ACLU Outlines Reasons Why Independent Prosecutor Is Necessary

December 13, 2007

Possible Crimes Go Far Beyond CIA Interrogation Tape Destruction

FOR IMMEDIATE RELEASE
Contact: media@dcaclu.org

Washington, DC – The American Civil Liberties Union today sent a detailed 12-page letter to all members of Congress urging them to demand that Attorney General Mukasey appoint an independent prosecutor to investigate and prosecute any violations of federal criminal laws related to the interrogation of detainees, including any obstruction of justice.

The letter outlines ten reasons why the Senate should ask for an independent prosecutor. They are:

    1. There is credible evidence of numerous federal crimes

    2. Attempts to shield government officials from criminal prosecution were pursued by the White House, including by the president and vice president

    3. Attorney General Mukasey still refuses to say whether waterboarding and other forms of torture are illegal

    4. The current head of the Criminal Division of the Justice Department was in meetings on interrogations

    5. The past head of the Criminal Division reportedly advised on interrogation practices, possibly including the interrogation of Abu Zubaydah

    6. The Justice Department wrote the legal opinions authorizing torture

    7. The Justice Department has failed to bring any indictments based on twenty CIA and DOD referrals of possible crimes by civilians

    8. Military prosecutors have not gone up the chain of command

    9. Further delay in criminal investigations could put some crimes outside the statutes of limitation

    10. Congress and the agencies have failed in holding torture perpetrators accountable

    "These tapes were sought by courts, Congress and the 9/11 Commission, and their destruction raises serious concerns of criminal obstruction of justice. But the tapes depicted far more serious criminal activity," said Caroline Fredrickson, director of the ACLU Washington Legislative Office. "Limiting an independent prosecutor solely to any misconduct in the destruction of the tapes could end up being a further miscarriage of justice."
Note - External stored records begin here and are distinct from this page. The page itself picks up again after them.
(* Let $n\ge 2$ and let $MAP_n^{2n-3}B$ be the set of $\lceil \log_2 n\rceil$ variables $move\text{-}L_1^{2^j-2}\text{-}L_1^{2^j-1}(2^j-1)$ for $j=1,\dots,\lceil\log_2 n\rceil$, where $L_1^0$ denotes $L^0$ (i.e. $move\text{-}L^0\text{-}L_1^1$ at step 1, $move\text{-}L_1^2\text{-}L_1^3$ at step 3, $move\text{-}L_1^6\text{-}L_1^7$ at step 7, $move\text{-}L_1^{14}\text{-}L_1^{15}$ at step 15, ...). Then $MAP_n^{2n-3}B$ is a backdoor for the CNF formula $MAP_n^{2n-3}$.
   Context: MAP planning domain. Fix $n\ge 2$. The map is an undirected graph with $3n-3$ nodes: a centre $L^0$; a path (branch 1) $L^0 - L_1^1 - \dots - L_1^{2n-3}$; and, for each $i=2,\dots,n$, a single node $L_i^1$ adjacent to $L^0$. Facts are $at\text{-}x$ and $visited\text{-}x$. For every edge $\{x,y\}$ and both orientations there is an action $move\text{-}x\text{-}y$ with precondition $\{at\text{-}x\}$, add effects $\{at\text{-}y, visited\text{-}y\}$, delete effect $\{at\text{-}x\}$. The initial state is $\{at\text{-}L^0\}$. The goal of $MAP_n^{2n-3}$ is $\{visited\text{-}L_1^{2n-3}, visited\text{-}L_2^1\}$. The CNF formula $MAP_n^{2n-3}$ is the standard Graphplan-based (Blackbox-style) SAT encoding of this task with $T=2n-2$ time steps (unsatisfiable, since a shortest plan has $2n-1$ steps). Build the Graphplan planning graph from the initial state, with a NOOP action $NOOP\text{-}p$ (precondition and add effect $\{p\}$) for each fact $p$. For each $t=1,\dots,T$ there is a variable $a(t)$ for every action $a$ (including NOOPs) in action layer $t$. Clauses: goal clauses $\{a(T): g\in add(a)\}$ for each goal $g$; precondition clauses $\{\neg a(t)\}\cup\{a'(t-1): p\in add(a')\}$ for each $a(t)$, $t\ge 2$, $p\in pre(a)$; mutex clauses $\{\neg a(t),\neg a'(t)\}$ for pairs of actions Graphplan marks mutually exclusive at layer $t$ (interference or competing needs); in particular any two move actions at the same step are mutually exclusive. For an unsatisfiable CNF $F$, a set $B$ of variables is a backdoor (with respect to unit propagation) if for every truth assignment to the variables in $B$, unit propagation on $F$ under that assignment derives the empty clause. *)

theory Defs
  imports Complex_Main
begin

record ('f, 'a) strips =
  acts :: "'a set"            \<comment> \<open>all actions, including the NOOPs\<close>
  pre  :: "'a \<Rightarrow> 'f set"
  add  :: "'a \<Rightarrow> 'f set"
  del  :: "'a \<Rightarrow> 'f set"
  init :: "'f set"
  goal :: "'f set"

definition gp_acts :: "('f, 'a) strips \<Rightarrow> 'f set \<Rightarrow> ('f \<times> 'f) set \<Rightarrow> 'a set" where
  "gp_acts P F FM = {a \<in> acts P. pre P a \<subseteq> F \<and>
       (\<forall>p \<in> pre P a. \<forall>q \<in> pre P a. (p, q) \<notin> FM)}"

definition interfere :: "('f, 'a) strips \<Rightarrow> 'a \<Rightarrow> 'a \<Rightarrow> bool" where
  "interfere P a b \<longleftrightarrow>
     del P a \<inter> (pre P b \<union> add P b) \<noteq> {} \<or> del P b \<inter> (pre P a \<union> add P a) \<noteq> {}"

definition gp_act_mutex :: "('f, 'a) strips \<Rightarrow> 'f set \<Rightarrow> ('f \<times> 'f) set \<Rightarrow> ('a \<times> 'a) set" where
  "gp_act_mutex P F FM = {(a, b). a \<in> gp_acts P F FM \<and> b \<in> gp_acts P F FM \<and> a \<noteq> b \<and>
       (interfere P a b \<or> (\<exists>p \<in> pre P a. \<exists>q \<in> pre P b. (p, q) \<in> FM))}"

fun gp_facts :: "('f, 'a) strips \<Rightarrow> nat \<Rightarrow> 'f set \<times> ('f \<times> 'f) set" where
  "gp_facts P 0 = (init P, {})"
| "gp_facts P (Suc t) =
     (let F = fst (gp_facts P t); FM = snd (gp_facts P t);
          A = gp_acts P F FM; AM = gp_act_mutex P F FM;
          F' = (\<Union>a \<in> A. add P a)
      in (F', {(p, q). p \<in> F' \<and> q \<in> F' \<and> p \<noteq> q \<and>
                 (\<forall>a \<in> A. \<forall>b \<in> A. p \<in> add P a \<and> q \<in> add P b \<longrightarrow> (a, b) \<in> AM)}))"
    Christopher Anders, senior legislative counsel with the ACLU said, "Prosecutors should look beyond these videotapes and investigate the bigger problem of roughly six years of unpunished torture crimes. The range of alleged crimes is breathtaking in its scope, from obstruction of justice to torture to homicide. But because the torture program involved top officials in the White House, CIA, Justice Department, and Defense Department, only an independent prosecutor who can act outside the influence and control of this Administration can be trusted."